During the fall of 2012, the northeastern U.S. endured what’s considered the most expensive natural disaster in the history of the country. Hurricane Sandy struck New Jersey, New York, Connecticut and other states. Government experts estimated that up to 12 inches of precipitation fell between Oct. 29 and Oct. 31. By Nov. 30, more than 100 people died.
In the aftermath, citizens had to deal with extensive flood cleanup. However, there’s more to worry about than water damage in the buildings. The actual flood waters themselves may have carried toxic waste away from isolated sites and into residential areas, increasing the risks for asbestos exposure and other hazards. News12 New Jersey recently caught up with the city of Little Ferry, where health experts warned residents about the new dangers that may be lurking in their soil.
Contaminants may be ‘entering the food chain’
The residents of Little Ferry are worried because during Hurricane Sandy, flood waters coursed through the neighborhood from areas that are deemed Superfund sites. Superfund sites are places that the U.S. Environmental Protection Agency has dubbed worthy of attention as a cleanup site due to the presence of toxic materials, including asbestos. These are often the locations of former industrial complexes.
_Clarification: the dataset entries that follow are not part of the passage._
lemma D5_of_representation: "D5 M F T tt n D"
  unfolding D5_def
proof (intro allI impI, elim conjE)
  fix i j X assume ij: "i \<le> j" and j: "j \<le> n" and X: "X \<in> L2T"
  have i: "i \<le> n"
    using ij j by simp
  have t: "tt i \<in> {0..T}" "tt j \<in> {0..T}" "tt i \<le> tt j"
    using tt_in_range[OF i] tt_in_range[OF j] tt_mono[OF ij j] by auto
  let ?P = "\<lambda>x. \<Sum>k\<in>{i..<j}. Dt k (increment k X) x"
  let ?S = "increment_sum Dt j X"
  have P: "?P \<in> L2T"
    by (rule L2_sum[OF subalgebra_F[OF T_in_range] finite_atLeastLessThan])
      (use j in \<open>auto intro: L2_map_values(1)[OF _ Dt_L2_map increment_L2T[OF _ X]]\<close>)
  have S: "?S \<in> L2T"
    by (rule increment_sum_L2T[OF Dt_L2_map X])
  have "AE x in M. D i (E (tt j) X) x = E (tt i) ?P x"
  proof -
    have "AE x in M. E (tt i) (increment_sum Dt i (E (tt j) X)) x = E (tt i) ?P x"
      by (rule E_cong[OF t(1) increment_sum_E[OF ij j X] L2T_borel_measurable L2T_borel_measurable[OF P]])
        (intro increment_sum_L2T Dt_L2_map E_L2T[OF t(2) X])
    with D_representation[OF i E_L2T[OF t(2) X]] show ?thesis
      by eventually_elim simp
  qed
  moreover have "AE x in M. E (tt i) (D j X) x = E (tt i) ?S x"
    by (rule E_tower_cong[OF t L2T_borel_measurable[OF L2_map_values(1)[OF j D_L2_map[OF j] X]]
          L2T_integrable[OF S] D_representation[OF j X]])
  moreover have "AE x in M. E (tt i) (increment_sum Dt i X) x = E (tt i) ?P x + E (tt i) ?S x"
    using E_add[OF t(1) L2T_integrable[OF P] L2T_integrable[OF S]]
    by (simp add: sum_atLeastAtMost_split[OF ij j])
  ultimately show "AE x in M. D i X x = D i (E (tt j) X) x + E (tt i) (D j X) x"
    using D_representation[OF i X] by eventually_elim simp
qed

end
lemma prox_variational_inequality:
  fixes \<phi> :: "'a::euclidean_space \<Rightarrow> real"
  assumes lip: "K-lipschitz_on UNIV \<phi>" and lam: "lam \<ge> 0" and cvx: "convex_on UNIV \<phi>"
  shows "lam * (\<phi> (prox lam \<phi> y) - \<phi> w) \<le> (y - prox lam \<phi> y) \<bullet> (prox lam \<phi> y - w)"
proof -
  define z where "z = prox lam \<phi> y"
  have "lam * (\<phi> z - \<phi> w) - (y - z) \<bullet> (z - w) \<le> 0"
  proof (rule nonpos_if_le_small_multiples[where B = "(norm (w - z))\<^sup>2 / 2"])
    fix s :: real assume s: "0 < s" "s \<le> 1"
    define zs where "zs = (1 - s) *\<^sub>R z + s *\<^sub>R w"
    have "lam * \<phi> z + (norm (y - z))\<^sup>2 / 2 \<le> lam * \<phi> zs + (norm (y - zs))\<^sup>2 / 2"
      unfolding z_def by (rule prox_minimizes[OF lip lam])
    moreover have "lam * \<phi> zs \<le> lam * ((1 - s) * \<phi> z + s * \<phi> w)"
      unfolding zs_def using s by (intro mult_left_mono[OF convex_onD[OF cvx]] lam) auto
    moreover have "y - zs = (y - z) - s *\<^sub>R (w - z)" by (simp add: zs_def algebra_simps)
    hence "(norm (y - zs))\<^sup>2 = (norm (y - z))\<^sup>2 - 2 * s * ((y - z) \<bullet> (w - z)) + s\<^sup>2 * (norm (w - z))\<^sup>2"
      using dot_norm_neg[of "y - z" "s *\<^sub>R (w - z)"] by (simp only:) (simp add: power_mult_distrib)
    ultimately have "s * (lam * (\<phi> z - \<phi> w) - (y - z) \<bullet> (z - w)) \<le> s * (s * ((norm (w - z))\<^sup>2 / 2))"
      by (simp add: inner_diff_right algebra_simps power2_eq_square)
    thus "lam * (\<phi> z - \<phi> w) - (y - z) \<bullet> (z - w) \<le> s * ((norm (w - z))\<^sup>2 / 2)"
      using s by simp
  qed
  thus ?thesis by (simp add: z_def)
qed

lemma prox_three_point_inequality:
  fixes \<phi> :: "'a::euclidean_space \<Rightarrow> real"
  assumes "K-lipschitz_on UNIV \<phi>" and "lam \<ge> 0" and "convex_on UNIV \<phi>"
  shows "lam * \<phi> (prox lam \<phi> y) + (norm (y - prox lam \<phi> y))\<^sup>2 / 2 + (norm (prox lam \<phi> y - w))\<^sup>2 / 2
           \<le> lam * \<phi> w + (norm (y - w))\<^sup>2 / 2"
proof -
  define z where "z = prox lam \<phi> y"
  have "lam * (\<phi> z - \<phi> w) \<le> (y - z) \<bullet> (z - w)"
    unfolding z_def by (rule prox_variational_inequality[OF assms])
  moreover have "(norm (y - w))\<^sup>2 = (norm (y - z))\<^sup>2 + (norm (z - w))\<^sup>2 + 2 * ((y - z) \<bullet> (z - w))"
    using dot_norm[of "y - z" "z - w"] by simp
  ultimately show ?thesis unfolding z_def[symmetric] by (simp add: algebra_simps)
qed

lemma prox_nonexpansive:
  fixes \<phi> :: "'a::euclidean_space \<Rightarrow> real"
  assumes "K-lipschitz_on UNIV \<phi>" and "lam \<ge> 0" and "convex_on UNIV \<phi>"
  shows "norm (prox lam \<phi> y1 - prox lam \<phi> y2) \<le> norm (y1 - y2)"
proof -
  define z1 where "z1 = prox lam \<phi> y1"
  define z2 where "z2 = prox lam \<phi> y2"
  have "lam * (\<phi> z1 - \<phi> z2) \<le> (y1 - z1) \<bullet> (z1 - z2)" "lam * (\<phi> z2 - \<phi> z1) \<le> (y2 - z2) \<bullet> (z2 - z1)"
    unfolding z1_def z2_def by (rule prox_variational_inequality[OF assms])+
  moreover have "(y1 - z1) \<bullet> (z1 - z2) + (y2 - z2) \<bullet> (z2 - z1) = (y1 - y2) \<bullet> (z1 - z2) - (norm (z1 - z2))\<^sup>2"
    by (simp add: power2_norm_eq_inner inner_diff_left inner_diff_right algebra_simps)
  ultimately have "(norm (z1 - z2))\<^sup>2 \<le> (y1 - y2) \<bullet> (z1 - z2)" by (simp add: algebra_simps)
  also have "\<dots> \<le> norm (y1 - y2) * norm (z1 - z2)" by (rule norm_cauchy_schwarz)
  finally have "norm (z1 - z2) * norm (z1 - z2) \<le> norm (y1 - y2) * norm (z1 - z2)"
    by (simp add: power2_eq_square)
  thus ?thesis
    unfolding z1_def[symmetric] z2_def[symmetric]
    by (cases "norm (z1 - z2) = 0") (auto simp: mult_le_cancel_right)
qed

lemma borel_measurable_prox:
  fixes \<phi> :: "'a::euclidean_space \<Rightarrow> real"
  assumes "K-lipschitz_on UNIV \<phi>" and "lam \<ge> 0" and "convex_on UNIV \<phi>"
  shows "prox lam \<phi> \<in> borel_measurable borel"
proof (intro borel_measurable_continuous_onI lipschitz_on_continuous_on)
  show "1-lipschitz_on UNIV (prox lam \<phi>)"
    using prox_nonexpansive[OF assms] by (auto simp: lipschitz_on_def dist_norm)
qed
(* Let $G$ be a finite abelian group of size $N$, let $\epsilon > 0$, $f:G\rightarrow \mathbb{R}$, and let $A\subseteq G$ have size $\alpha N$. Suppose that $B$ is a Bohr set in $G$ such that for every $t\in B$ \[\|f*1_A(\cdot + t) - f*1_A\|_{\infty} \leq \epsilon.\] Further assume that $\|f\|_1\leq 1/(2\alpha)$ and $f*1_A(0)\geq 1-\epsilon$. Then there exists $x\in G$ such that $B\cap (x+A)$ has density at least $2\alpha(1-2\epsilon)$ inside $B$, i.e. $|B\cap(x+A)|\geq 2\alpha(1-2\epsilon)|B|$.
   Context: For $\Gamma\subseteq\widehat{G}$ (the group of characters of $G$) and $0<\rho\leq 2$, the Bohr set $\mathrm{Bohr}(\Gamma,\rho)=\{x\in G: |1-\gamma(x)|\leq\rho \text{ for all }\gamma\in\Gamma\}$. Convolution: $f*g(x)=\sum_{t\in G}f(t)g(x-t)$. $\|f\|_1=\sum_{x}|f(x)|$, $\|f\|_\infty=\max_x|f(x)|$. *)

theory Defs
  imports "HOL-Analysis.Analysis"
begin

definition character :: "('a::ab_group_add \<Rightarrow> complex) \<Rightarrow> bool" where
  "character \<gamma> \<longleftrightarrow> (\<forall>x y. \<gamma> (x + y) = \<gamma> x * \<gamma> y) \<and> (\<forall>x. norm (\<gamma> x) = 1)"

definition Bohr :: "('a::ab_group_add \<Rightarrow> complex) set \<Rightarrow> real \<Rightarrow> 'a set" where
  "Bohr \<Gamma> \<rho> = {x. \<forall>\<gamma>\<in>\<Gamma>. norm (1 - \<gamma> x) \<le> \<rho>}"

definition is_Bohr_set :: "'a::ab_group_add set \<Rightarrow> bool" where
  "is_Bohr_set B \<longleftrightarrow> (\<exists>\<Gamma> \<rho>. \<Gamma> \<subseteq> {\<gamma>. character \<gamma>} \<and> 0 < \<rho> \<and> \<rho> \<le> 2 \<and> B = Bohr \<Gamma> \<rho>)"

definition conv :: "('a::{ab_group_add,finite} \<Rightarrow> real) \<Rightarrow> ('a \<Rightarrow> real) \<Rightarrow> 'a \<Rightarrow> real" where
  "conv f g x = (\<Sum>t\<in>UNIV. f t * g (x - t))"

definition l1norm :: "('a::finite \<Rightarrow> real) \<Rightarrow> real" where
  "l1norm f = (\<Sum>x\<in>UNIV. \<bar>f x\<bar>)"

definition linfnorm :: "('a::finite \<Rightarrow> real) \<Rightarrow> real" where
  "linfnorm f = Max (range (\<lambda>x. \<bar>f x\<bar>))"

end

theory Submission
  imports Defs
begin

text \<open>Averaging \<open>f * 1\<^sub>A\<close> over \<open>B\<close> and swapping the sums gives
  \<open>\<Sum>\<^sub>t\<^sub>\<in>\<^sub>B f * 1\<^sub>A(t) = \<Sum>\<^sub>s f(s) |B \<inter> (s + A)| \<le> \<parallel>f\<parallel>\<^sub>1 max\<^sub>x |B \<inter> (x + A)|\<close>.
  The almost-invariance of \<open>f * 1\<^sub>A\<close> under shifts by \<open>B\<close> and the value at \<open>0\<close> bound the
  left-hand side below by \<open>(1 - 2\<epsilon>)|B|\<close>, and \<open>\<parallel>f\<parallel>\<^sub>1 \<le> 1/(2\<alpha>)\<close> finishes the proof.
  Only these inequalities are used: \<open>B\<close> may be any subset of \<open>G\<close>.\<close>

lemma abs_le_linfnorm: "\<bar>g x\<bar> \<le> linfnorm g"
  unfolding linfnorm_def by (rule Max_ge) auto

lemma sum_indicator_diff_eq_card_translate:
  fixes A B :: "'a::ab_group_add set"
  assumes "finite B"
  shows "(\<Sum>t\<in>B. indicator A (t - s) :: real) = real (card (B \<inter> (\<lambda>a. s + a) ` A))"
proof -
  have "(\<Sum>t\<in>B. indicator A (t - s) :: real) = (\<Sum>t\<in>B. indicator ((\<lambda>a. s + a) ` A) t)"
  proof (rule sum.cong)
    fix t
    have "t - s \<in> A \<longleftrightarrow> t \<in> (\<lambda>a. s + a) ` A"
      by (auto simp: image_iff intro!: bexI[of _ "t - s"])
    then show "(indicator A (t - s) :: real) = indicator ((\<lambda>a. s + a) ` A) t"
      by (simp add: indicator_def)
  qed simp
  also have "\<dots> = real (card (B \<inter> (\<lambda>a. s + a) ` A))"
    using assms by (simp add: indicator_def sum.If_cases Int_def)
  finally show ?thesis .
qed

lemma sum_conv_indicator:
  fixes f :: "'a::{ab_group_add,finite} \<Rightarrow> real"
  shows "(\<Sum>t\<in>B. conv f (indicator A) t) = (\<Sum>s\<in>UNIV. f s * real (card (B \<inter> (\<lambda>a. s + a) ` A)))"
proof -
  have "(\<Sum>t\<in>B. conv f (indicator A) t) = (\<Sum>s\<in>UNIV. \<Sum>t\<in>B. f s * indicator A (t - s))"
    unfolding conv_def by (rule sum.swap)
  also have "\<dots> = (\<Sum>s\<in>UNIV. f s * (\<Sum>t\<in>B. indicator A (t - s)))"
    by (simp only: sum_distrib_left)
  finally show ?thesis
    by (simp only: sum_indicator_diff_eq_card_translate[OF finite])
qed

lemma sum_mult_le_l1norm_mult:
  fixes f c :: "'a::finite \<Rightarrow> real"
  assumes "\<And>s. 0 \<le> c s" and "\<And>s. c s \<le> M"
  shows "(\<Sum>s\<in>UNIV. f s * c s) \<le> l1norm f * M"
proof -
  have "(\<Sum>s\<in>UNIV. f s * c s) \<le> (\<Sum>s\<in>UNIV. \<bar>f s\<bar> * M)"
  proof (rule sum_mono)
    fix s
    have "f s * c s \<le> \<bar>f s\<bar> * c s" using assms(1) by (simp add: mult_right_mono)
    also have "\<dots> \<le> \<bar>f s\<bar> * M" using assms(2) by (simp add: mult_left_mono)
    finally show "f s * c s \<le> \<bar>f s\<bar> * M" .
  qed
  then show ?thesis unfolding l1norm_def by (simp add: sum_distrib_right)
qed

lemma exists_translate_intersection_ge:
  fixes f :: "'a::{ab_group_add,finite} \<Rightarrow> real"
  assumes "\<And>t. t \<in> B \<Longrightarrow> \<delta> \<le> conv f (indicator A) t"
  shows "\<exists>x. \<delta> * real (card B) \<le> l1norm f * real (card (B \<inter> (\<lambda>a. x + a) ` A))"
proof -
  define c where "c s = real (card (B \<inter> (\<lambda>a. s + a) ` A))" for s
  have "Max (range c) \<in> range c" by (rule Max_in) auto
  then obtain x where "c x = Max (range c)" by (metis imageE)
  then have c_le: "c s \<le> c x" for s by simp
  have "\<delta> * real (card B) \<le> (\<Sum>t\<in>B. conv f (indicator A) t)"
    using sum_mono[of B "\<lambda>_. \<delta>"] assms by (simp add: mult.commute)
  also have "\<dots> = (\<Sum>s\<in>UNIV. f s * c s)"
    unfolding c_def by (rule sum_conv_indicator)
  also have "\<dots> \<le> l1norm f * c x"
    by (rule sum_mult_le_l1norm_mult[OF _ c_le]) (simp add: c_def)
  finally show ?thesis unfolding c_def by blast
qed

theorem lemma1:
  fixes f :: "'a::{ab_group_add,finite} \<Rightarrow> real"
    and A B :: "'a set" and \<epsilon> \<alpha> :: real
  assumes "\<epsilon> > 0"
    and "\<alpha> = real (card A) / real CARD('a)"
    and "is_Bohr_set B"
    and "\<forall>t\<in>B. linfnorm (\<lambda>x. conv f (indicator A) (x + t) - conv f (indicator A) x) \<le> \<epsilon>"
    and "l1norm f \<le> 1 / (2 * \<alpha>)"
    and "conv f (indicator A) 0 \<ge> 1 - \<epsilon>"
  shows "\<exists>x. real (card (B \<inter> (\<lambda>a. x + a) ` A)) \<ge> 2 * \<alpha> * (1 - 2 * \<epsilon>) * real (card B)"
proof -
  let ?F = "conv f (indicator A)"
  have "1 - 2 * \<epsilon> \<le> ?F t" if "t \<in> B" for t
    using abs_le_linfnorm[of "\<lambda>x. ?F (x + t) - ?F x" 0] assms(4,6) that by auto
  then obtain x where x: "(1 - 2 * \<epsilon>) * real (card B) \<le> l1norm f * real (card (B \<inter> (\<lambda>a. x + a) ` A))"
    using exists_translate_intersection_ge by blast
  define c where "c = real (card (B \<inter> (\<lambda>a. x + a) ` A))"
  show ?thesis
  proof (cases "\<alpha> > 0")
    case True
    have "l1norm f * c \<le> c / (2 * \<alpha>)"
      using mult_right_mono[OF assms(5), of c] by (simp add: c_def)
    with x have "(1 - 2 * \<epsilon>) * real (card B) \<le> c / (2 * \<alpha>)"
      unfolding c_def[symmetric] by linarith
    with True have "2 * \<alpha> * (1 - 2 * \<epsilon>) * real (card B) \<le> c"
      by (simp add: pos_le_divide_eq mult_ac)
    then show ?thesis unfolding c_def by blast
  next
    case False
    moreover have "\<alpha> \<ge> 0" using assms(2) by simp
    ultimately have "\<alpha> = 0" by linarith
    then show ?thesis by simp
  qed
qed

end
lemma hilbert_series_le_induced:
  fixes deg :: "('v::finite) mon \<Rightarrow> 'p::monoid_add" and I :: "('v, 'k::field) mpoly set"
  assumes grading: "P_grading deg"
    and refines: "\<And>m m'. deg m = deg m' \<Longrightarrow> tdeg m = tdeg m'"
    and fin_pieces: "\<And>D. finite {m. deg m = D}"
    and order: "monomial_order le" and ideal: "is_ideal I"
    and homog: "\<exists>S. (\<forall>s\<in>S. P_homogeneous deg s) \<and> I = ideal_gen S"
    and init_gen: "\<exists>S. (\<forall>s\<in>S. std_homogeneous_le d s) \<and> init_ideal le I = ideal_gen S"
    and monomial: "acts_monomially_upto G I d" and g: "g \<in> G" "bij g"
    and ind: "induced_endo deg g \<phi>"
  shows "hilbert_series deg I D \<le> hilbert_series deg I (\<phi> D)"
proof -
  obtain S where S: "\<forall>s\<in>S. P_homogeneous deg s" "I = ideal_gen S" using homog by blast
  obtain S' where S': "\<forall>s\<in>S'. std_homogeneous_le d s" "init_ideal le I = ideal_gen S'"
    using init_gen by blast
  note lin = monomial_order_linorder[OF order]
  note lin' = linorder_act_order[OF lin g(2)]
  define L where "L = lead_mons le (piece deg I D)"
  \<comment> \<open>g does not preserve le, but the dimension count works for any linear order\<close>
  define L' where "L' = lead_mons (act_order g le) (piece deg I (\<phi> D))"
  have "act_mon g ` L \<subseteq> L'"
  proof
    fix m' assume "m' \<in> act_mon g ` L"
    then obtain m where m: "m \<in> L" "m' = act_mon g m" by blast
    then have "deg m = D" unfolding L_def by (intro deg_lead_mons_piece[OF lin])
    have "m \<in> lead_mons le I" using m(1) unfolding L_def lead_mons_def piece_def by blast
    then obtain c m0 where m0: "m0 \<in> lead_mons le I" "tdeg m0 \<le> d" "m = c + m0"
      by (rule lead_mons_factor_low_degree[OF S'])
    then have "m0 \<in> lead_mons le (piece deg I (deg m0))"
      using lead_mons_in_lead_mons_piece[OF lin grading S(1)] S(2) by simp
    from act_mon_multiple_in_lead_mons_piece[OF grading refines order ideal monomial g ind this m0(2),
      where c = c]
    show "m' \<in> L'" using m(2) m0(3) \<open>deg m = D\<close> unfolding L'_def by simp
  qed
  moreover have "finite L'"
    using fin_pieces[of "\<phi> D"] unfolding L'_def
    by (rule finite_subset[rotated]) (auto dest: deg_lead_mons_piece[OF lin'])
  ultimately have "card (act_mon g ` L) \<le> card L'" by (rule card_mono[rotated])
  moreover have "card (act_mon g ` L) = card L"
    by (rule card_image[OF inj_on_subset[OF inj_act_mon[OF g(2)] subset_UNIV]])
  moreover have fin: "finite (\<Union> (Poly_Mapping.keys ` piece deg I E))" for E
    using fin_pieces[of E] by (rule finite_subset[rotated]) (auto simp: piece_def)
  ultimately show ?thesis
    unfolding hilbert_series_def L_def L'_def
      dim_eq_card_lead_mons[OF lin subspace_piece[OF ideal] fin[of D]]
      dim_eq_card_lead_mons[OF lin' subspace_piece[OF ideal] fin[of "\<phi> D"]]
    by simp
qed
Even after the water receded, residents are still concerned about what may have been left behind in their soil.
Here’s what homeowner Regina Coyle told News12 New Jersey about her vegetable garden:
“I’m afraid of the lead, I’m afraid of the possible arsenic, those kinds of things entering the food chain.”
Furthermore, the environmental group Climate Central estimated that Hurricane Sandy spread 5 billion gallons of raw sewage throughout New Jersey alone.
Government and environmental groups offered conflicting accounts of how genuine the health threats from the soil are. The EPA said that toxin-tainted soil at the Superfund sites was confined to areas that were off-limits to the public, but conceded that this was only based on visual inspections rather than lab tests. Meanwhile, the company RTK Environmental Group warned the news source that soil samples at different sites found contamination levels that are triple what’s acceptable.
There’s disagreement over the value of soil testing in this case because the flood waters covered a wide area, and academic experts warn that normal test results may not cover all the grounds. In the meantime, Bergen County Health officials advise gardeners to grow their vegetables using potted soil in containers raised off of the ground.
Remember these other cleanup tips
During any disaster that involves property damage – flooding, storms, earthquakes, fires and so on – it’s important to remember that debris of any sort may be tainted with asbestos. Handling this waste can increase the risk for fatal illnesses, including malignant mesothelioma.
If you suspect a building or house damaged in a disaster contains products tainted with asbestos, contact your local public health authorities to let them know. If the asbestos is still in your house, they can advise you on the best way to take care of it, which may involve either repairing it or removing it – two processes that you shouldn’t attempt to do on your own. Containing the asbestos usually involves sealing or covering the products within a leak-free material.